text \<open>The 120 positive roots in simple-root coordinates, listed in the order of their residues
  mod 2 read as binary numbers with the first coordinate least significant, so that the
  residue lemma below is a single list comparison.\<close>

definition E8_positive_roots :: "int list list" where
  "E8_positive_roots =
    [[1, 0, 0, 0, 0, 0, 0, 0], [0, 1, 0, 0, 0, 0, 0, 0], [0, 0, 1, 0, 0, 0, 0, 0], [1, 0, 1, 0, 0, 0, 0, 0], [0, 0, 0, 1, 0, 0, 0, 0],
     [0, 1, 0, 1, 0, 0, 0, 0], [0, 0, 1, 1, 0, 0, 0, 0], [1, 0, 1, 1, 0, 0, 0, 0], [0, 1, 1, 1, 0, 0, 0, 0], [1, 1, 1, 1, 0, 0, 0, 0],
     [0, 0, 0, 0, 1, 0, 0, 0], [1, 1, 2, 2, 1, 0, 0, 0], [0, 1, 1, 2, 1, 0, 0, 0], [1, 1, 1, 2, 1, 0, 0, 0], [0, 0, 0, 1, 1, 0, 0, 0],
     [0, 1, 0, 1, 1, 0, 0, 0], [0, 0, 1, 1, 1, 0, 0, 0], [1, 0, 1, 1, 1, 0, 0, 0], [0, 1, 1, 1, 1, 0, 0, 0], [1, 1, 1, 1, 1, 0, 0, 0],
     [0, 0, 0, 0, 0, 1, 0, 0], [1, 1, 2, 2, 2, 1, 0, 0], [0, 1, 1, 2, 2, 1, 0, 0], [1, 1, 1, 2, 2, 1, 0, 0], [1, 2, 2, 3, 2, 1, 0, 0],
     [1, 1, 2, 3, 2, 1, 0, 0], [0, 0, 0, 0, 1, 1, 0, 0], [1, 1, 2, 2, 1, 1, 0, 0], [0, 1, 1, 2, 1, 1, 0, 0], [1, 1, 1, 2, 1, 1, 0, 0],
     [0, 0, 0, 1, 1, 1, 0, 0], [0, 1, 0, 1, 1, 1, 0, 0], [0, 0, 1, 1, 1, 1, 0, 0], [1, 0, 1, 1, 1, 1, 0, 0], [0, 1, 1, 1, 1, 1, 0, 0],
     [1, 1, 1, 1, 1, 1, 0, 0], [0, 0, 0, 0, 0, 0, 1, 0], [1, 1, 2, 2, 2, 2, 1, 0], [0, 1, 1, 2, 2, 2, 1, 0], [1, 1, 1, 2, 2, 2, 1, 0],
     [1, 2, 2, 3, 2, 2, 1, 0], [1, 1, 2, 3, 2, 2, 1, 0], [1, 2, 2, 4, 3, 2, 1, 0], [2, 3, 4, 6, 5, 4, 3, 2], [2, 2, 3, 4, 3, 2, 1, 0],
     [1, 2, 3, 4, 3, 2, 1, 0], [1, 2, 2, 3, 3, 2, 1, 0], [1, 1, 2, 3, 3, 2, 1, 0], [0, 0, 0, 0, 0, 1, 1, 0], [1, 1, 2, 2, 2, 1, 1, 0],
     [0, 1, 1, 2, 2, 1, 1, 0], [1, 1, 1, 2, 2, 1, 1, 0], [1, 2, 2, 3, 2, 1, 1, 0], [1, 1, 2, 3, 2, 1, 1, 0], [0, 0, 0, 0, 1, 1, 1, 0],
     [1, 1, 2, 2, 1, 1, 1, 0], [0, 1, 1, 2, 1, 1, 1, 0], [1, 1, 1, 2, 1, 1, 1, 0], [0, 0, 0, 1, 1, 1, 1, 0], [0, 1, 0, 1, 1, 1, 1, 0],
     [0, 0, 1, 1, 1, 1, 1, 0], [1, 0, 1, 1, 1, 1, 1, 0], [0, 1, 1, 1, 1, 1, 1, 0], [1, 1, 1, 1, 1, 1, 1, 0], [0, 0, 0, 0, 0, 0, 0, 1],
     [1, 1, 2, 2, 2, 2, 2, 1], [0, 1, 1, 2, 2, 2, 2, 1], [1, 1, 1, 2, 2, 2, 2, 1], [1, 2, 2, 3, 2, 2, 2, 1], [1, 1, 2, 3, 2, 2, 2, 1],
     [1, 2, 2, 4, 3, 2, 2, 1], [2, 3, 4, 6, 5, 4, 2, 1], [2, 2, 3, 4, 3, 2, 2, 1], [1, 2, 3, 4, 3, 2, 2, 1], [1, 2, 2, 3, 3, 2, 2, 1],
     [1, 1, 2, 3, 3, 2, 2, 1], [1, 2, 2, 4, 4, 3, 2, 1], [2, 3, 4, 6, 4, 3, 2, 1], [2, 2, 3, 4, 4, 3, 2, 1], [1, 2, 3, 4, 4, 3, 2, 1],
     [2, 2, 4, 5, 4, 3, 2, 1], [2, 3, 4, 5, 4, 3, 2, 1], [2, 2, 3, 5, 4, 3, 2, 1], [1, 2, 3, 5, 4, 3, 2, 1], [2, 3, 3, 5, 4, 3, 2, 1],
     [1, 3, 3, 5, 4, 3, 2, 1], [1, 2, 2, 4, 3, 3, 2, 1], [2, 3, 4, 6, 5, 3, 2, 1], [2, 2, 3, 4, 3, 3, 2, 1], [1, 2, 3, 4, 3, 3, 2, 1],
     [1, 2, 2, 3, 3, 3, 2, 1], [1, 1, 2, 3, 3, 3, 2, 1], [0, 0, 0, 0, 0, 0, 1, 1], [1, 1, 2, 2, 2, 2, 1, 1], [0, 1, 1, 2, 2, 2, 1, 1],
     [1, 1, 1, 2, 2, 2, 1, 1], [1, 2, 2, 3, 2, 2, 1, 1], [1, 1, 2, 3, 2, 2, 1, 1], [1, 2, 2, 4, 3, 2, 1, 1], [2, 3, 4, 6, 5, 4, 3, 1],
     [2, 2, 3, 4, 3, 2, 1, 1], [1, 2, 3, 4, 3, 2, 1, 1], [1, 2, 2, 3, 3, 2, 1, 1], [1, 1, 2, 3, 3, 2, 1, 1], [0, 0, 0, 0, 0, 1, 1, 1],
     [1, 1, 2, 2, 2, 1, 1, 1], [0, 1, 1, 2, 2, 1, 1, 1], [1, 1, 1, 2, 2, 1, 1, 1], [1, 2, 2, 3, 2, 1, 1, 1], [1, 1, 2, 3, 2, 1, 1, 1],
     [0, 0, 0, 0, 1, 1, 1, 1], [1, 1, 2, 2, 1, 1, 1, 1], [0, 1, 1, 2, 1, 1, 1, 1], [1, 1, 1, 2, 1, 1, 1, 1], [0, 0, 0, 1, 1, 1, 1, 1],
     [0, 1, 0, 1, 1, 1, 1, 1], [0, 0, 1, 1, 1, 1, 1, 1], [1, 0, 1, 1, 1, 1, 1, 1], [0, 1, 1, 1, 1, 1, 1, 1], [1, 1, 1, 1, 1, 1, 1, 1]]"

lemma E8_quad_positive_roots: "\<forall>r \<in> set E8_positive_roots. E8_quad (nth r) = 1"
  by code_simp

lemma E8_positive_roots_residues:
  "map (map (\<lambda>x. x mod 2)) E8_positive_roots
   = filter (\<lambda>p. odd (E8_quad (nth p))) (List.n_lists 8 [0, 1])"
  by code_simp
(* Let $q$ be a prime power and let $r$ be a prime dividing $q-1$. Then for any positive integer $d$ and any integer $1\le k\le r^d-1$, there exists a polynomial $f\in\mathbb{F}_q[x]$ of degree $k$ that divides $x^{r^d}-1$ and satisfies $f(1)\neq 0$. *)

theory Defs
  imports "HOL-Computational_Algebra.Polynomial"
begin

end

theory Submission
  imports Defs
begin

text \<open>
  Since r divides q - 1, the polynomial X^r - 1 divides X^(q-1) - 1, which vanishes on all of
  the q - 1 units, so X^r - 1 has r distinct roots in F_q. Products of the linear factors X - z
  over roots z \<noteq> 1 give, for every j < r, a polynomial h of degree j with h(1) \<noteq> 0 and
  h(X)(X - 1) dividing X^r - 1. Substituting X^M gives h(X^M)(X^M - 1) dividing X^(rM) - 1, so
  with M = r^d and k = jM + s, s < M, a divisor g of X^M - 1 of degree s (by induction on d)
  yields the divisor g(X) h(X^M) of X^(r^(d+1)) - 1 of degree k.
\<close>

lemma finite_field_power_card_minus_1:
  fixes x :: "'a::{field,finite}"
  assumes "x \<noteq> 0"
  shows "x ^ (card (UNIV :: 'a set) - 1) = 1"
proof -
  have "(\<Prod>y\<in>UNIV-{0}. x * y) = x ^ (card (UNIV :: 'a set) - 1) * \<Prod>(UNIV-{0::'a})"
    by (simp add: prod.distrib mult_ac)
  moreover have "(\<Prod>y\<in>UNIV-{0}. x * y) = (\<Prod>y\<in>UNIV-{0::'a}. y)"
    by (rule prod.reindex_bij_witness[of _ "\<lambda>y. y / x" "\<lambda>y. x * y"]) (use assms in auto)
  moreover have "\<Prod>(UNIV-{0::'a}) \<noteq> 0"
    by simp
  ultimately show ?thesis
    by (metis mult_cancel_right1)
qed

lemma degree_X_pow_minus_1:
  assumes "n > 0"
  shows "degree ([:0,1:] ^ n - 1 :: 'a::idom poly) = n"
proof -
  have "degree ([:0,1:] ^ n + (-1) :: 'a poly) = degree ([:0,1::'a:] ^ n)"
    by (rule degree_add_eq_left) (use assms in \<open>simp add: degree_power_eq\<close>)
  then show ?thesis
    by (simp add: degree_power_eq)
qed

lemma card_roots_eq_degree_if_dvd:
  fixes p q :: "'a::idom poly"
  assumes "p dvd q" and "q \<noteq> 0" and "card {x. poly q x = 0} = degree q"
  shows "card {x. poly p x = 0} = degree p"
proof -
  obtain s where q: "q = p * s"
    using assms(1) by (elim dvdE)
  have "p \<noteq> 0" "s \<noteq> 0"
    using assms(2) q by auto
  have "{x. poly q x = 0} = {x. poly p x = 0} \<union> {x. poly s x = 0}"
    using q by auto
  then have "degree q \<le> card {x. poly p x = 0} + card {x. poly s x = 0}"
    using assms(3) card_Un_le by metis
  moreover have "card {x. poly p x = 0} \<le> degree p" "card {x. poly s x = 0} \<le> degree s"
    using card_poly_roots_bound \<open>p \<noteq> 0\<close> \<open>s \<noteq> 0\<close> by blast+
  moreover have "degree q = degree p + degree s"
    using q degree_mult_eq \<open>p \<noteq> 0\<close> \<open>s \<noteq> 0\<close> by blast
  ultimately show ?thesis
    by linarith
qed

lemma card_roots_of_unity:
  assumes "r dvd card (UNIV :: 'a::{field,finite} set) - 1"
  shows "card {a::'a. a ^ r = 1} = r"
proof -
  define Q where "Q = card (UNIV :: 'a set) - 1"
  have "card (UNIV :: 'a set) \<ge> 2"
    using card_mono[of "UNIV :: 'a set" "{0, 1}"] by simp
  then have "Q > 0"
    by (simp add: Q_def)
  then have "r > 0"
    using assms Q_def by (auto intro: Nat.gr0I)
  have "{x::'a. poly ([:0,1:] ^ Q - 1) x = 0} = UNIV - {0}"
    using finite_field_power_card_minus_1 \<open>Q > 0\<close> by (auto simp: Q_def power_0_left)
  then have card_Q: "card {x::'a. poly ([:0,1:] ^ Q - 1) x = 0} = degree ([:0,1::'a:] ^ Q - 1)"
    using \<open>Q > 0\<close> by (simp add: card_Diff_singleton degree_X_pow_minus_1 Q_def)
  obtain m where "Q = r * m"
    using assms Q_def by (auto simp: dvd_def)
  then have "[:0,1:] ^ r - 1 dvd ([:0,1::'a:] ^ Q - 1)"
    using power_diff_1_eq[of "[:0,1::'a:] ^ r" m] by (simp add: power_mult)
  moreover have "[:0,1:] ^ Q - 1 \<noteq> (0 :: 'a poly)"
    using degree_X_pow_minus_1[OF \<open>Q > 0\<close>] \<open>Q > 0\<close> by (metis degree_0 less_irrefl)
  ultimately have "card {x::'a. poly ([:0,1:] ^ r - 1) x = 0} = degree ([:0,1::'a:] ^ r - 1)"
    using card_Q by (rule card_roots_eq_degree_if_dvd)
  then show ?thesis
    using degree_X_pow_minus_1[OF \<open>r > 0\<close>] by simp
qed

lemma prod_linear_factors_dvd:
  fixes p :: "'a::idom poly"
  assumes "finite B" and "\<forall>a\<in>B. poly p a = 0"
  shows "(\<Prod>a\<in>B. [:-a,1:]) dvd p"
  using assms
proof (induction B arbitrary: p rule: finite_induct)
  case empty
  then show ?case by simp
next
  case (insert b B)
  have "(\<Prod>a\<in>B. [:-a,1:]) dvd p"
    using insert.IH insert.prems by simp
  then obtain q where q: "p = (\<Prod>a\<in>B. [:-a,1:]) * q" ..
  have "poly (\<Prod>a\<in>B. [:-a,1:]) b \<noteq> 0"
    using insert.hyps by (auto simp: poly_prod)
  with q insert.prems have "poly q b = 0"
    by simp
  then have "[:-b,1:] * (\<Prod>a\<in>B. [:-a,1:]) dvd (\<Prod>a\<in>B. [:-a,1:]) * q"
    by (metis poly_eq_0_iff_dvd mult.commute mult_dvd_mono dvd_refl)
  then show ?case
    using insert.hyps q by simp
qed

lemma divisor_of_X_pow_minus_1_div_X_minus_1:
  fixes r j :: nat
  assumes "r \<le> card {a::'a::idom. a ^ r = 1}" and "j < r"
  shows "\<exists>h :: 'a poly. degree h = j \<and> poly h 1 \<noteq> 0 \<and> h * [:-1,1:] dvd [:0,1:] ^ r - 1"
proof -
  let ?R = "{a::'a. a ^ r = 1}"
  have "j \<le> card (?R - {1})"
    using assms by (simp add: card_Diff_singleton)
  then obtain B where B: "B \<subseteq> ?R - {1}" "card B = j" "finite B"
    by (rule obtain_subset_with_card_n)
  define h where "h = (\<Prod>a\<in>B. [:-a,1::'a:])"
  have "degree h = j"
    unfolding h_def using B by (subst degree_prod_eq_sum_degree) auto
  moreover have "poly h 1 \<noteq> 0"
    unfolding h_def using B by (auto simp: poly_prod)
  moreover have "h * [:-1,1:] = (\<Prod>a\<in>insert 1 B. [:-a,1::'a:])"
    unfolding h_def using B by (subst prod.insert) (auto simp: mult.commute)
  moreover have "(\<Prod>a\<in>insert 1 B. [:-a,1::'a:]) dvd [:0,1:] ^ r - 1"
    using B by (intro prod_linear_factors_dvd) auto
  ultimately show ?thesis
    by metis
qed

lemma pcompose_power_left: "pcompose (p ^ n) q = pcompose p q ^ n"
  for p q :: "'a::comm_semiring_1 poly"
  by (induct n) (simp_all add: pcompose_1 pcompose_mult)

lemma pcompose_dvd_pcompose:
  fixes p q s :: "'a::comm_semiring_1 poly"
  assumes "p dvd q"
  shows "pcompose p s dvd pcompose q s"
  using assms by (auto simp: pcompose_mult)

lemma pcompose_X_minus_1: "pcompose [:-1,1:] q = q - (1::'a::comm_ring_1 poly)"
  by (simp add: pcompose_pCons one_pCons)

lemma pcompose_X_pow_minus_1:
  "pcompose ([:0,1:] ^ r - 1) ([:0,1:] ^ M) = [:0,1::'a::comm_ring_1:] ^ (r * M) - 1"
  by (simp add: pcompose_diff pcompose_power_left pcompose_1 pcompose_pCons power_mult mult.commute)

lemma mult_pcompose_X_pow_dvd_X_pow_minus_1:
  fixes g h :: "'a::comm_ring_1 poly"
  assumes "g dvd [:0,1:] ^ M - 1" and "h * [:-1,1:] dvd [:0,1:] ^ r - 1"
  shows "g * pcompose h ([:0,1:] ^ M) dvd [:0,1:] ^ (r * M) - 1"
proof -
  have "pcompose (h * [:-1,1:]) ([:0,1:] ^ M) dvd pcompose ([:0,1:] ^ r - 1) ([:0,1:] ^ M)"
    using assms(2) by (rule pcompose_dvd_pcompose)
  then have "pcompose h ([:0,1:] ^ M) * ([:0,1:] ^ M - 1) dvd [:0,1:] ^ (r * M) - 1"
    by (simp only: pcompose_mult pcompose_X_minus_1 pcompose_X_pow_minus_1)
  moreover have "g * pcompose h ([:0,1:] ^ M) dvd pcompose h ([:0,1:] ^ M) * ([:0,1:] ^ M - 1)"
    using assms(1) by (simp add: mult.commute mult_dvd_mono)
  ultimately show ?thesis
    using dvd_trans by blast
qed

lemma exists_divisor_X_pow_minus_1:
  fixes r d k :: nat
  assumes "r \<le> card {a::'a::idom. a ^ r = 1}" and "k < r ^ d"
  shows "\<exists>f :: 'a poly. degree f = k \<and> f dvd [:0,1:] ^ (r ^ d) - 1 \<and> poly f 1 \<noteq> 0"
  using assms(2)
proof (induction d arbitrary: k)
  case 0
  then show ?case
    by (intro exI[of _ 1]) simp
next
  case (Suc d)
  define M where "M = r ^ d"
  have "k < r * M"
    using Suc.prems by (simp add: M_def)
  then have "M > 0"
    by (intro Nat.gr0I) simp
  with \<open>k < r * M\<close> have "k div M < r"
    by (simp add: div_less_iff_less_mult mult.commute)
  obtain g :: "'a poly" where g: "degree g = k mod M" "g dvd [:0,1:] ^ M - 1" "poly g 1 \<noteq> 0"
    using Suc.IH[of "k mod M"] \<open>M > 0\<close> M_def by auto
  obtain h :: "'a poly" where
    h: "degree h = k div M" "poly h 1 \<noteq> 0" "h * [:-1,1:] dvd [:0,1:] ^ r - 1"
    using divisor_of_X_pow_minus_1_div_X_minus_1[OF assms(1) \<open>k div M < r\<close>] by blast
  define H where "H = pcompose h ([:0,1:] ^ M)"
  have "poly H 1 \<noteq> 0"
    using h(2) by (simp add: H_def poly_pcompose)
  then have "poly (g * H) 1 \<noteq> 0" and "g \<noteq> 0" and "H \<noteq> 0"
    using g(3) by auto
  moreover have "degree (g * H) = k"
  proof -
    have "degree (g * H) = degree g + degree h * M"
      using \<open>g \<noteq> 0\<close> \<open>H \<noteq> 0\<close> by (simp add: H_def degree_mult_eq degree_pcompose degree_power_eq)
    then show ?thesis
      using g(1) h(1) by (simp add: mod_div_mult_eq)
  qed
  moreover have "g * H dvd [:0,1:] ^ (r ^ Suc d) - 1"
    using mult_pcompose_X_pow_dvd_X_pow_minus_1[OF g(2) h(3)] by (simp add: H_def M_def)
  ultimately show ?case
    by blast
qed

theorem lemma5p4:
  fixes r d k :: nat
  assumes "prime r"
    and "r dvd card (UNIV :: 'a::{field,finite} set) - 1"
    and "d > 0"
    and "1 \<le> k" and "k \<le> r ^ d - 1"
  shows "\<exists>f :: 'a poly. degree f = k \<and> f dvd (monom 1 (r ^ d) - 1) \<and> poly f 1 \<noteq> 0"
proof -
  have "r \<le> card {a::'a. a ^ r = 1}"
    using card_roots_of_unity[OF assms(2)] by simp
  moreover have "k < r ^ d"
    using assms(4,5) by linarith
  ultimately show ?thesis
    using exists_divisor_X_pow_minus_1 by (simp add: monom_altdef)
qed

end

▬▬▬▬▬▬

» PROMPT
The range runs from the line above containing "degree ([:0,1::'a:] ^ Q" to the line containing "1 dvd ([:0,1::'a:]", inclusive. Restate those lines word for word and no others.

» TASK SOLUTION
  then have card_Q: "card {x::'a. poly ([:0,1:] ^ Q - 1) x = 0} = degree ([:0,1::'a:] ^ Q - 1)"
    using \<open>Q > 0\<close> by (simp add: card_Diff_singleton degree_X_pow_minus_1 Q_def)
  obtain m where "Q = r * m"
    using assms Q_def by (auto simp: dvd_def)
  then have "[:0,1:] ^ r - 1 dvd ([:0,1::'a:] ^ Q - 1)"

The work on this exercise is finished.